# DATA EXCERPTS
lemma step_size_bounds:
  assumes "0 < \<alpha>"
  shows "0 < \<alpha> / (sqrt (real k + 2) * ln (real k + 3))"
    and "\<alpha> / (sqrt (real k + 2) * ln (real k + 3)) \<le> 3/4 * \<alpha>"
proof -
  have "4/3 \<le> sqrt (2::real)"
    by (rule real_le_rsqrt) (simp add: power2_eq_square)
  also have "\<dots> \<le> sqrt (real k + 2)" by simp
  finally have sqrt_ge: "4/3 \<le> sqrt (real k + 2)" .
  have "1 = ln (exp (1::real))" by simp
  also have "\<dots> \<le> ln 3" using exp_le by (subst ln_le_cancel_iff) auto
  also have "\<dots> \<le> ln (real k + 3)" by simp
  finally have "1 \<le> ln (real k + 3)" .
  with sqrt_ge have denom: "4/3 \<le> sqrt (real k + 2) * ln (real k + 3)"
    using mult_mono[of "4/3" "sqrt (real k + 2)" 1 "ln (real k + 3)"] by simp
  with assms show "0 < \<alpha> / (sqrt (real k + 2) * ln (real k + 3))" by simp
  from denom assms have "\<alpha> / (sqrt (real k + 2) * ln (real k + 3)) \<le> \<alpha> / (4/3)"
    by (intro divide_left_mono) auto
  then show "\<alpha> / (sqrt (real k + 2) * ln (real k + 3)) \<le> 3/4 * \<alpha>" by simp
qed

# DIRECTIONS
Send back the complete set of entries, exactly as shown above.

# RESULT BELOW
lemma step_size_bounds:
  assumes "0 < \<alpha>"
  shows "0 < \<alpha> / (sqrt (real k + 2) * ln (real k + 3))"
    and "\<alpha> / (sqrt (real k + 2) * ln (real k + 3)) \<le> 3/4 * \<alpha>"
proof -
  have "4/3 \<le> sqrt (2::real)"
    by (rule real_le_rsqrt) (simp add: power2_eq_square)
  also have "\<dots> \<le> sqrt (real k + 2)" by simp
  finally have sqrt_ge: "4/3 \<le> sqrt (real k + 2)" .
  have "1 = ln (exp (1::real))" by simp
  also have "\<dots> \<le> ln 3" using exp_le by (subst ln_le_cancel_iff) auto
  also have "\<dots> \<le> ln (real k + 3)" by simp
  finally have "1 \<le> ln (real k + 3)" .
  with sqrt_ge have denom: "4/3 \<le> sqrt (real k + 2) * ln (real k + 3)"
    using mult_mono[of "4/3" "sqrt (real k + 2)" 1 "ln (real k + 3)"] by simp
  with assms show "0 < \<alpha> / (sqrt (real k + 2) * ln (real k + 3))" by simp
  from denom assms have "\<alpha> / (sqrt (real k + 2) * ln (real k + 3)) \<le> \<alpha> / (4/3)"
    by (intro divide_left_mono) auto
  then show "\<alpha> / (sqrt (real k + 2) * ln (real k + 3)) \<le> 3/4 * \<alpha>" by simp
qed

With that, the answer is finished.